Exercise requirements | Report every line of the records beneath this task that holds the string "close".

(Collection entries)
—————
(* Assume the standing hypotheses (H), and let $d=\sup\{\sqrt{x_1^2+x_2^2}:\ \mathbf{x}\in\operatorname{Supp}\rho\}$. Then $\lambda\le-\frac12\Omega^2d^2$.
   Context: Standing hypotheses (H): $K\subset\mathbb{R}^3$ is a bounded axisymmetric domain (invariant under rotations about the $x_3$-axis) satisfying the no-trapping condition (whenever $(x,y,z)\notin K$, the half line $(x,y,z)+t(x,y,0)$, $t\ge0$, lies in $\mathbb{R}^3\setminus K$). $f:[0,\infty)\to[0,\infty)$ satisfies (F1) non-negative, continuous, strictly increasing for $s>0$; (F2) $\lim_{s\to0}f(s)s^{-4/3}=0$, $\lim_{s\to\infty}f(s)s^{-4/3}=\infty$; (F3) $\liminf_{s\to\infty}f(s)s^{-\gamma}>0$ for some $\gamma>4/3$; (F4) $f\in C^1(0,\infty)$ and $\liminf_{s\to0}f'(s)s^{-\mu}>0$ for some $\mu>0$. $A(s)=s\int_0^s\frac{f(t)}{t^2}dt$. For $q>3$, $\rho_K\in L^q(K)$ is non-negative and axisymmetric and $\Phi_K(\mathbf{x})=\int_K\frac{\rho_K(\mathbf{y})}{|\mathbf{x}-\mathbf{y}|}d\mathbf{y}$. $M>0$; $\Omega\ge1$ is a constant. For $\rho$ on $\mathbb{R}^3\setminus K$, $B\rho(\mathbf{x})=\int_{\mathbb{R}^3\setminus K}\frac{\rho(\mathbf{y})}{|\mathbf{x}-\mathbf{y}|}d\mathbf{y}$. $\rho:\mathbb{R}^3\setminus K\to[0,\infty)$ is bounded and continuous with $\int\rho=M$, and there is a constant $\lambda$ such that $A'(\rho)-B\rho-\frac12\Omega^2r^2-\Phi_K=\lambda$ on $\{\rho>0\}$, where $r=\sqrt{x_1^2+x_2^2}$. *)

theory Defs
  imports "HOL-Analysis.Analysis"
begin

definition cyl_r :: "real^3 \<Rightarrow> real" where
  "cyl_r x = sqrt ((x$1)^2 + (x$2)^2)"

definition rot3 :: "real \<Rightarrow> real^3 \<Rightarrow> real^3" where
  "rot3 \<theta> x = vector [cos \<theta> * x$1 - sin \<theta> * x$2, sin \<theta> * x$1 + cos \<theta> * x$2, x$3]"

definition axisym_set :: "(real^3) set \<Rightarrow> bool" where
  "axisym_set K \<longleftrightarrow> (\<forall>\<theta> x. rot3 \<theta> x \<in> K \<longleftrightarrow> x \<in> K)"

definition axisym_fun_on :: "(real^3) set \<Rightarrow> (real^3 \<Rightarrow> real) \<Rightarrow> bool" where
  "axisym_fun_on S g \<longleftrightarrow> (\<forall>\<theta>. \<forall>x\<in>S. g (rot3 \<theta> x) = g x)"

definition bounded_domain :: "(real^3) set \<Rightarrow> bool" where
  "bounded_domain K \<longleftrightarrow> K \<noteq> {} \<and> open K \<and> connected K \<and> bounded K"

definition no_trapping :: "(real^3) set \<Rightarrow> bool" where
  "no_trapping K \<longleftrightarrow>
     (\<forall>x. x \<notin> K \<longrightarrow> (\<forall>t\<ge>0. x + t *\<^sub>R vector [x$1, x$2, 0] \<notin> K))"

definition F1 :: "(real \<Rightarrow> real) \<Rightarrow> bool" where
  "F1 f \<longleftrightarrow> (\<forall>s\<ge>0. f s \<ge> 0) \<and> continuous_on {0..} f \<and> strict_mono_on {0<..} f"

definition F2 :: "(real \<Rightarrow> real) \<Rightarrow> bool" where
  "F2 f \<longleftrightarrow> ((\<lambda>s. f s / s powr (4/3)) \<longlongrightarrow> 0) (at_right 0)
            \<and> filterlim (\<lambda>s. f s / s powr (4/3)) at_top at_top"

definition F3 :: "(real \<Rightarrow> real) \<Rightarrow> bool" where
  "F3 f \<longleftrightarrow> (\<exists>\<gamma>>4/3. Liminf at_top (\<lambda>s. ereal (f s / s powr \<gamma>)) > 0)"

definition F4 :: "(real \<Rightarrow> real) \<Rightarrow> bool" where
  "F4 f \<longleftrightarrow> f differentiable_on {0<..} \<and> continuous_on {0<..} (deriv f)
            \<and> (\<exists>\<mu>>0. Liminf (at_right 0) (\<lambda>s. ereal (deriv f s / s powr \<mu>)) > 0)"

definition A_fun :: "(real \<Rightarrow> real) \<Rightarrow> real \<Rightarrow> real" where
  "A_fun f s = s * (LBINT t=0..s. f t / t^2)"

definition newton_pot :: "(real^3) set \<Rightarrow> (real^3 \<Rightarrow> real) \<Rightarrow> real^3 \<Rightarrow> real" where
  "newton_pot S g x = (LINT y|lebesgue_on S. g y / dist x y)"

definition in_Lq :: "real \<Rightarrow> (real^3) set \<Rightarrow> (real^3 \<Rightarrow> real) \<Rightarrow> bool" where
  "in_Lq q S g \<longleftrightarrow> g \<in> borel_measurable (lebesgue_on S)
                     \<and> integrable (lebesgue_on S) (\<lambda>x. \<bar>g x\<bar> powr q)"

end

theory Submission
  imports Defs "HOL-Real_Asymp.Real_Asymp"
begin

text \<open>
  Both Newtonian potentials are non-negative, so on the support of \<rho> the Euler--Lagrange
  equation gives \<open>\<lambda> \<le> A'(\<rho> x) - \<Omega>\<^sup>2 r(x)\<^sup>2 / 2\<close>. By (F1), (F2) the derivative
  \<open>A'(s) = \<integral>\<^sub>0\<^sup>s f(t)/t\<^sup>2 dt + f(s)/s\<close> tends to 0 as \<open>s \<rightarrow> 0\<close> and is bounded on bounded sets.
  Suppose \<open>\<lambda> > -\<Omega>\<^sup>2 r(x)\<^sup>2 / 2\<close> at a support point x off the axis and follow the outward
  horizontal ray from x, which stays outside K by the no-trapping condition. Along the ray the
  centrifugal term only grows, so wherever \<rho> > 0 the small values of A' are excluded and \<rho> stays
  bounded away from 0; by continuity \<rho> never vanishes on the ray, and then the bound on A'
  contradicts the quadratic growth of \<open>r\<^sup>2\<close>. The inequality extends to the closure of the support
  (on the axis it reads \<open>\<lambda> \<le> 0\<close>, which follows from the positive mass lying off the null set
  \<open>x\<^sub>1 = 0\<close>), and taking the supremum of r gives the claim.
\<close>

lemma F2_imp_div_tendsto_0:
  assumes "F2 f"
  shows "((\<lambda>s. f s / s) \<longlongrightarrow> 0) (at_right 0)"
proof -
  have "((\<lambda>s. f s / s powr (4/3) * s powr (1/3)) \<longlongrightarrow> 0 * 0) (at_right 0)"
    using assms unfolding F2_def by (intro tendsto_mult) (auto, real_asymp)
  moreover have "\<forall>\<^sub>F s in at_right 0. f s / s powr (4/3) * s powr (1/3) = f s / s"
    using eventually_at_right_less[of "0::real"]
  proof eventually_elim
    case (elim s)
    then have "s powr (4/3) = s * s powr (1/3)" using powr_add[of s 1 "1/3"] by simp
    then show ?case using elim by simp
  qed
  ultimately show ?thesis by (simp add: tendsto_cong)
qed

lemma set_integrable_powr_near_0:
  assumes "a > -1" "0 \<le> c"
  shows "set_integrable lborel {0<..<c} (\<lambda>t::real. t powr a)"
proof -
  have "(\<lambda>t. t powr a) absolutely_integrable_on {0<..c}"
    using integrable_on_powr_from_0'[OF assms] by (subst absolutely_integrable_on_iff_nonneg) auto
  then have "set_integrable lborel {0<..c} (\<lambda>t::real. t powr a)"
    unfolding set_integrable_def by (subst (asm) integrable_completion) auto
  then show ?thesis by (rule set_integrable_subset) auto
qed

lemma F1_continuous_on_div_square:
  assumes "F1 f"
  shows "continuous_on {0<..} (\<lambda>t. f t / t^2)"
proof -
  have "continuous_on {0<..} f"
    using assms by (auto simp: F1_def intro: continuous_on_subset)
  then show ?thesis by (intro continuous_intros) auto
qed

text \<open>By (F2), \<open>f t / t\<^sup>2 \<le> t powr (-2/3)\<close> near 0.\<close>

lemma set_integrable_div_square:
  assumes f1: "F1 f" and f2: "F2 f" and c: "0 < c"
  shows "set_integrable lborel {0<..<c} (\<lambda>t. f t / t^2)"
proof -
  have "\<forall>\<^sub>F s in at_right 0. f s / s powr (4/3) < 1"
    using f2 unfolding F2_def by (intro order_tendstoD) auto
  then obtain \<delta> where \<delta>: "0 < \<delta>" "\<And>s. 0 < s \<Longrightarrow> s < \<delta> \<Longrightarrow> f s / s powr (4/3) < 1"
    unfolding eventually_at_right_field by auto
  define e where "e = min \<delta> c"
  have e: "0 < e" "e \<le> c" using \<delta> c by (auto simp: e_def)
  have near0: "set_integrable lborel {0<..<e} (\<lambda>t. f t / t^2)"
  proof (rule set_integrable_bound[OF set_integrable_powr_near_0[of "-2/3" e]])
    show "set_borel_measurable lborel {0<..<e} (\<lambda>t. f t / t^2)"
      unfolding set_borel_measurable_def measurable_lborel2
      by (intro borel_measurable_continuous_on_indicator
          continuous_on_subset[OF F1_continuous_on_div_square[OF f1]]) auto
    show "AE t in lborel. t \<in> {0<..<e} \<longrightarrow> norm (f t / t^2) \<le> norm (t powr (-2/3))"
    proof (intro AE_I2 impI)
      fix t :: real assume t: "t \<in> {0<..<e}"
      then have t0: "0 < t" and "t < \<delta>" by (auto simp: e_def)
      then have "f t < t powr (4/3)" using \<delta>(2)[of t] by (simp add: divide_less_eq)
      then have "f t / t powr 2 \<le> t powr (4/3) / t powr 2"
        using t0 by (intro divide_right_mono) auto
      also have "\<dots> = t powr (-2/3)" by (simp add: powr_diff[symmetric])
      finally have "f t / t^2 \<le> t powr (-2/3)" using t0 by simp
      moreover have "0 \<le> f t / t^2" using f1 t0 by (simp add: F1_def)
      ultimately show "norm (f t / t^2) \<le> norm (t powr (-2/3))" by simp
    qed
  qed (use e in auto)
  have "set_integrable lborel ({0<..<e} \<union> {e..c}) (\<lambda>t. f t / t^2)"
    using e by (intro set_integrable_Un near0 borel_integrable_atLeastAtMost'
        continuous_on_subset[OF F1_continuous_on_div_square[OF f1]]) auto
  then show ?thesis by (rule set_integrable_subset) auto
qed

lemma has_real_derivative_interval_integral_from_0:
  fixes g :: "real \<Rightarrow> real"
  assumes int: "\<And>c. 0 < c \<Longrightarrow> set_integrable lborel {0<..<c} g"
    and cont: "continuous_on {0<..} g" and s: "0 < s"
  shows "((\<lambda>u. LBINT t=0..u. g t) has_real_derivative g s) (at s)"
proof -
  define c where "c = s / 2"
  have c: "0 < c" "c < s" using s by (auto simp: c_def)
  have split: "(LBINT t=0..u. g t) = (LBINT t=0..c. g t) + (LBINT t=c..u. g t)" if "0 < u" for u :: real
  proof -
    have "interval_lebesgue_integrable lborel (min 0 (min (ereal c) (ereal u)))
            (max 0 (max (ereal c) (ereal u))) g"
      using int[of "max c u"] c that
      by (cases "c \<le> u") (simp_all add: interval_lebesgue_integrable_def zero_ereal_def max_def min_def)
    from interval_integral_sum[OF this] show ?thesis by simp
  qed
  have "((\<lambda>u. LBINT t=c..u. g t) has_vector_derivative g s) (at s within {c..2 * s})"
    using c s by (intro interval_integral_FTC2 continuous_on_subset[OF cont]) auto
  then have "((\<lambda>u. LBINT t=c..u. g t) has_vector_derivative g s) (at s within {c<..<2 * s})"
    by (rule has_vector_derivative_within_subset) auto
  then have "((\<lambda>u. LBINT t=c..u. g t) has_real_derivative g s) (at s)"
    using c s
    by (simp add: has_real_derivative_iff_has_vector_derivative at_within_open[of s "{c<..<2 * s}"])
  from DERIV_add[OF DERIV_const this]
  have "((\<lambda>u. (LBINT t=0..c. g t) + (LBINT t=c..u. g t)) has_real_derivative g s) (at s)"
    by simp
  then show ?thesis
    by (rule has_field_derivative_transform_within_open[where S = "{0<..}"]) (use s split in auto)
qed

lemma tendsto_interval_integral_from_0:
  fixes g :: "real \<Rightarrow> real"
  assumes c: "0 < c" and int: "set_integrable lborel {0<..<c} g"
  shows "((\<lambda>u::real. LBINT t=0..u. g t) \<longlongrightarrow> 0) (at_right 0)"
proof -
  define b where "b = c / 2"
  have b: "0 < b" "b < c" using c by (auto simp: b_def)
  have int_b: "set_integrable lborel {0<..b} g" by (rule set_integrable_subset[OF int]) (use b in auto)
  have int_b': "set_integrable lborel {0<..<b} g" by (rule set_integrable_subset[OF int]) (use b in auto)
  have tail: "((\<lambda>u. LBINT t:{u..b}. g t) \<longlongrightarrow> (LBINT t:{0<..b}. g t)) (at_right 0)"
    by (intro tendsto_set_lebesgue_integral_at_right int_b b) auto
  have lim: "((\<lambda>u. (LBINT t:{0<..b}. g t) - (LBINT t:{u..b}. g t)) \<longlongrightarrow> 0) (at_right 0)"
    using tendsto_diff[OF tendsto_const tail, of "LBINT t:{0<..b}. g t"] by simp
  have eq: "\<forall>\<^sub>F u in at_right 0. (LBINT t:{0<..b}. g t) - (LBINT t:{u..b}. g t) = (LBINT t=0..u. g t)"
    using eventually_at_right_real[OF b(1)]
  proof eventually_elim
    case (elim u)
    have "interval_lebesgue_integrable lborel (min 0 (min (ereal u) (ereal b)))
            (max 0 (max (ereal u) (ereal b))) g"
      using int_b' elim
      by (simp add: interval_lebesgue_integrable_def zero_ereal_def max_def min_def)
    then have "(LBINT t=0..u. g t) + (LBINT t=u..b. g t) = (LBINT t=0..b. g t)"
      by (rule interval_integral_sum)
    moreover have "(LBINT t=0..b. g t) = (LBINT t:{0<..b}. g t)"
      using interval_integral_Ioc[of 0 b g] b by (simp add: zero_ereal_def)
    moreover have "(LBINT t=u..b. g t) = (LBINT t:{u..b}. g t)"
      using elim by (intro interval_integral_Icc) simp
    ultimately show ?case by linarith
  qed
  from Lim_transform_eventually[OF lim eq] show ?thesis .
qed

lemma A_fun_has_real_derivative:
  assumes f1: "F1 f" and f2: "F2 f" and s: "0 < s"
  shows "(A_fun f has_real_derivative (LBINT t=0..s. f t / t^2) + f s / s) (at s)"
proof -
  have "((\<lambda>u. LBINT t=0..u. f t / t^2) has_real_derivative f s / s^2) (at s)"
    by (intro has_real_derivative_interval_integral_from_0 set_integrable_div_square
        F1_continuous_on_div_square f1 f2 s)
  from DERIV_mult[OF DERIV_ident this] show ?thesis
    using s by (simp add: A_fun_def[abs_def] power2_eq_square)
qed

lemma deriv_A_fun:
  assumes "F1 f" "F2 f" "0 < s"
  shows "deriv (A_fun f) s = (LBINT t=0..s. f t / t^2) + f s / s"
  by (rule DERIV_imp_deriv[OF A_fun_has_real_derivative[OF assms]])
—————
Task output |
  equation gives \<open>\<lambda> \<le> A'(\<rho> x) - \<Omega>\<^sup>2 r(x)\<^sup>2 / 2\<close>. By (F1), (F2) the derivative
  \<open>A'(s) = \<integral>\<^sub>0\<^sup>s f(t)/t\<^sup>2 dt + f(s)/s\<close> tends to 0 as \<open>s \<rightarrow> 0\<close> and is bounded on bounded sets.
  Suppose \<open>\<lambda> > -\<Omega>\<^sup>2 r(x)\<^sup>2 / 2\<close> at a support point x off the axis and follow the outward
  contradicts the quadratic growth of \<open>r\<^sup>2\<close>. The inequality extends to the closure of the support
  (on the axis it reads \<open>\<lambda> \<le> 0\<close>, which follows from the positive mass lying off the null set
  \<open>x\<^sub>1 = 0\<close>), and taking the supremum of r gives the claim.
\<close>
text \<open>By (F2), \<open>f t / t\<^sup>2 \<le> t powr (-2/3)\<close> near 0.\<close>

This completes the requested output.